State should address causes of stress in teaching profession

Work-related stress accounts for the longest stretches of absenteeism in both formal and non-formal work places in both developed and developing countries. [iStockphoto]

Work-related stress is a growing problem around the world that affects the health of workers and productivity of organisations.

Work-related stress arises where work demands and combinations exceed the person's capacity and capability to cope. Work-related stress is the second most common compensated illness/injury in developed countries, after musculoskeletal disorders.

Other sources of work-related stress include low pay and compensation to workers, conflict with co-workers or bosses, constant change, and threats to job security, such as potential redundancy.
In America, more than $133.9 million was paid in benefits to workers who had made claims related to workplace stress during the 2021/2022 tax year.
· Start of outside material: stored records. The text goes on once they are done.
lemma E_LR_bounds_q_ln:
  assumes "n \<ge> 1" and q: "q > 0"
  shows "1 + q * ln (real n) - q\<^sup>2 \<le> E_LR n q" and "E_LR n q \<le> 1 + q * ln (real n) + q"
proof -
  obtain m where n: "n = Suc m" using assms(1) by (cases n) auto
  define T where "T = (\<Sum>j<m. 1 / (q + real j + 1))"
  have E: "E_LR n q = 1 + q * T" unfolding n T_def by (rule E_LR_Suc[OF q])
  have "ln n \<le> ln (q + 1 + real m)" using q n by simp
  then have "ln n - q \<le> ln (q + 1 + real m) - ln (q + 1)"
    using ln_add_one_self_le_self[of q] q by (simp add: add.commute)
  also have "\<dots> \<le> T"
    unfolding T_def using sum_inverse_ln_bounds(2)[of "q + 1" m] q by (simp add: add_ac)
  finally have "q * (ln n - q) \<le> q * T" using q by simp
  then show "1 + q * ln n - q\<^sup>2 \<le> E_LR n q" by (simp add: E power2_eq_square algebra_simps)
  have "T \<le> (\<Sum>j<m. 1 / (real j + 1))"
    unfolding T_def using q by (intro sum_mono divide_left_mono) auto
  also have "\<dots> = harm m" by (simp add: harm_altdef inverse_eq_divide add.commute)
  also have "\<dots> \<le> harm n" unfolding n by (intro harm_mono) simp
  also have "\<dots> \<le> 1 + ln n"
    using euler_mascheroni_sequence_decreasing[of 1 n] assms(1) by (simp add: harm_def)
  finally have "q * T \<le> q * (1 + ln n)" using q by simp
  then show "E_LR n q \<le> 1 + q * ln n + q" by (simp add: E algebra_simps)
qed

lemma E_LR_bounds_ln_ratio:
  assumes q: "q > 0"
  shows "q * ln ((real n + q) / (1 + q)) \<le> E_LR n q"
    and "E_LR n q \<le> q * ln ((real n + q) / (1 + q)) + 2"
proof -
  have ln_ratio: "ln ((n + q) / (1 + q)) = ln (q + n) - ln q - (ln (q + 1) - ln q)"
    using q by (simp add: ln_div add.commute)
  have "0 \<le> q * (ln (q + 1) - ln q)" using q by simp
  moreover have "q * (ln (q + n) - ln q) \<le> q * (\<Sum>j<n. 1 / (q + real j))"
    using sum_inverse_ln_bounds(2)[OF q, of n] q by (intro mult_left_mono) auto
  moreover have "q * (\<Sum>j<n. 1 / (q + real j)) = E_LR n q"
    by (simp add: E_LR_eq_sum q sum_distrib_left)
  ultimately show "q * ln ((n + q) / (1 + q)) \<le> E_LR n q"
    unfolding ln_ratio by (simp add: right_diff_distrib)
  have "q * (ln (q + 1) - ln q) \<le> q * (1 / q)"
    using ln_add_one_diff_bounds(2)[OF q] q by (intro mult_left_mono) auto
  moreover have "E_LR n q \<le> 1 + q * (ln (q + n) - ln q)"
  proof (cases n)
    case (Suc m)
    have "ln (q + m) \<le> ln (q + Suc m)" using q by simp
    with sum_inverse_ln_bounds(1)[OF q, of m]
    have "(\<Sum>j<m. 1 / (q + real j + 1)) \<le> ln (q + Suc m) - ln q" by linarith
    then show ?thesis
      unfolding Suc E_LR_Suc[OF q] using q by (simp add: mult_left_mono)
  qed (simp add: E_LR_eq_sum q)
  ultimately show "E_LR n q \<le> q * ln ((n + q) / (1 + q)) + 2"
    unfolding ln_ratio using q by (simp add: right_diff_distrib)
qed

lemma E_LR_bounds_linear:
  assumes q: "q > 0"
  shows "real n * (q / (q + real n)) \<le> E_LR n q" and "E_LR n q \<le> real n"
proof -
  have "(\<Sum>j<n. q / (q + n)) \<le> (\<Sum>j<n. q / (q + real j))"
    using q by (intro sum_mono divide_left_mono) auto
  then show "n * (q / (q + n)) \<le> E_LR n q" by (simp add: E_LR_eq_sum q)
  have "(\<Sum>j<n. q / (q + real j)) \<le> (\<Sum>j<n. 1)"
    using q by (intro sum_mono) auto
  then show "E_LR n q \<le> n" by (simp add: E_LR_eq_sum q)
qed

lemma asymp_equiv_if_bigo_1_diff:
  fixes f g :: "'a \<Rightarrow> real"
  assumes "(\<lambda>x. f x - g x) \<in> O[F](\<lambda>_. 1)" and "filterlim g at_top F"
  shows "f \<sim>[F] g"
proof -
  have "(\<lambda>_. 1) \<in> o[F](g)"
    using filterlim_at_top_imp_at_infinity[OF assms(2)]
    by (simp add: smallomega_iff_smallo[symmetric] smallomega_1_conv_filterlim)
  with assms(1) show ?thesis
    by (simp add: asymp_equiv_altdef landau_o.big_small_trans)
qed

lemma tendsto_divide_if_asymp_equiv_const_mult:
  fixes f h :: "'a \<Rightarrow> real"
  assumes "f \<sim>[F] (\<lambda>x. c * h x)" and "eventually (\<lambda>x. h x \<noteq> 0) F"
  shows "((\<lambda>x. f x / h x) \<longlongrightarrow> c) F"
proof -
  have "(\<lambda>x. f x / h x) \<sim>[F] (\<lambda>x. c * h x / h x)"
    by (rule asymp_equiv_divide[OF assms(1) asymp_equiv_refl])
  also have "eventually (\<lambda>x. c * h x / h x = c) F"
    using assms(2) by eventually_elim simp
  then have "(\<lambda>x. c * h x / h x) \<sim>[F] (\<lambda>_. c)"
    by (rule asymp_equiv_refl_ev)
  finally show ?thesis by (rule asymp_equivD_const)
qed

lemma E_LR_tendsto_one_plus:
  fixes q :: "nat \<Rightarrow> real"
  assumes qpos: "eventually (\<lambda>n. q n > 0) sequentially"
    and lim: "(\<lambda>n. q n * ln (real n)) \<longlonglongrightarrow> c"
  shows "(\<lambda>n. E_LR n (q n)) \<longlonglongrightarrow> 1 + c"
proof -
  have "(\<lambda>n. q n * ln n / ln n) \<longlonglongrightarrow> 0"
    by (rule tendsto_divide_0[OF lim], rule filterlim_at_top_imp_at_infinity) real_asymp
  moreover have "eventually (\<lambda>n. q n * ln n / ln n = q n) sequentially"
    using eventually_ge_at_top[of 2]
  proof eventually_elim
    case (elim n)
    then have "ln n > 0" by simp
    then show ?case by simp
  qed
  ultimately have q0: "q \<longlonglongrightarrow> 0"
    by (rule Lim_transform_eventually)
  have "(\<lambda>n. 1 + q n * ln n - (q n)\<^sup>2) \<longlonglongrightarrow> 1 + c - 0\<^sup>2"
    and "(\<lambda>n. 1 + q n * ln n + q n) \<longlonglongrightarrow> 1 + c + 0"
    by (intro tendsto_diff tendsto_add tendsto_const tendsto_power lim q0)+
  then have lower: "(\<lambda>n. 1 + q n * ln n - (q n)\<^sup>2) \<longlonglongrightarrow> 1 + c"
    and upper: "(\<lambda>n. 1 + q n * ln n + q n) \<longlonglongrightarrow> 1 + c"
    by simp_all
  have "eventually (\<lambda>n. 1 + q n * ln n - (q n)\<^sup>2 \<le> E_LR n (q n)) sequentially"
    using qpos eventually_ge_at_top[of 1] by eventually_elim (rule E_LR_bounds_q_ln)
  moreover have "eventually (\<lambda>n. E_LR n (q n) \<le> 1 + q n * ln n + q n) sequentially"
    using qpos eventually_ge_at_top[of 1] by eventually_elim (rule E_LR_bounds_q_ln)
  ultimately show ?thesis
    using lower upper by (rule tendsto_sandwich)
qed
According to the National Health and Safety Commission in USA, work-related stress accounts for the longest stretches of absenteeism in both formal and non-formal work places in both developed and developing countries.
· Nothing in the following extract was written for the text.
(* In the method U-CS$(\hat x_0,\chi,\lambda_0,\bar\varepsilon)$ described in the context, if at some execution of Step 1 the current stepsize $\lambda$ satisfies \[ \lambda\le\frac{(1-\chi)^2\bar\varepsilon}{4M_f^2+\bar\varepsilon L_f}, \] then the point $x$ computed in Step 1 satisfies the inequality tested in Step 2, i.e. $f(x)-\ell_f(x;\hat x_{k-1})-(1-\chi)\|x-\hat x_{k-1}\|^2/(2\lambda)\le(1-\chi)\bar\varepsilon/2$. Consequently, if $\lambda_0$ is chosen equal to $\frac{(1-\chi)^2\bar\varepsilon}{4M_f^2+\bar\varepsilon L_f}$, then $\lambda$ remains constant throughout the method.
   Context: Setting: $f,h:\mathbb{R}^n\to\mathbb{R}\cup\{+\infty\}$ proper lsc convex with $\mathrm{dom}\, h\subseteq\mathrm{dom}\, f$, $\phi=f+h$, $\phi_*=\inf\phi$ attained. A subgradient oracle $f':\mathrm{dom}\, h\to\mathbb{R}^n$, $f'(x)\in\partial f(x)$, satisfies $\|f'(x)-f'(y)\|\le2M_f+L_f\|x-y\|$ for all $x,y\in\mathrm{dom}\, h$, with $M_f,L_f\ge0$. $\ell_f(u;x):=f(x)+\langle f'(x),u-x\rangle$. U-CS$(\hat x_0,\chi,\lambda_0,\bar\varepsilon)$ with inputs in $\mathrm{dom}\, h\times[0,1)\times\mathbb{R}_{++}\times\mathbb{R}_{++}$: Step 0: $\lambda=\lambda_0$, $k=1$. Step 1: $x=\mathrm{argmin}_u\{\ell_f(u;\hat x_{k-1})+h(u)+\frac1{2\lambda}\|u-\hat x_{k-1}\|^2\}$; if $\phi(x)-\phi_*\le\bar\varepsilon$ stop. Step 2: if $f(x)-\ell_f(x;\hat x_{k-1})-(1-\chi)\|x-\hat x_{k-1}\|^2/(2\lambda)\le(1-\chi)\bar\varepsilon/2$ fails, set $\lambda=\lambda/2$ and go to Step 1; else $\lambda_k=\lambda$, $\hat x_k=x$, $k\leftarrow k+1$, go to Step 1. *)

theory Defs
  imports "HOL-Analysis.Analysis" "HOL-Library.Extended_Real"
begin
The teaching profession is the single largest employer in Kenya. There are 339,842 teachers employed in the country under the Teachers Service Commission to teach in both primary, junior secondary, secondary and tertiary institutions.

Whenever there is such a huge number of human resource to be managed under one employer, there are likely to be challenges. Organisational cultures of different school situations could lead to varied reactions that might affect the way teachers do their work. There is no standard organisational culture in schools, the smallest units of management of teachers in the teaching profession. This therefore means that for an institution to thrive in performance and ratings, teachers are required to invent their own culture of work to excel.

Different administrators adapt to varied ways of administration and management to realise the desired outcome. Good management leads to contentment and satisfaction by teachers and other stakeholders. Bad management practices cause discomfort and stress.

Teachers who are uncomfortable and discontented with the existing management with effects such as role conflict and asymmetrical bias are always compelled to seek transfers. Transfers are difficult to manage by the TSC, especially when many teachers are seeking to be moved at once. Transfers affect staff balancing in large regions.

Elsewhere, trauma related to past events at work places such as physical assaults, attack by strangers and disease outbreaks, such as the recent incidents at Mukumu Girls School that took away lives, affects teachers and could lead to stress.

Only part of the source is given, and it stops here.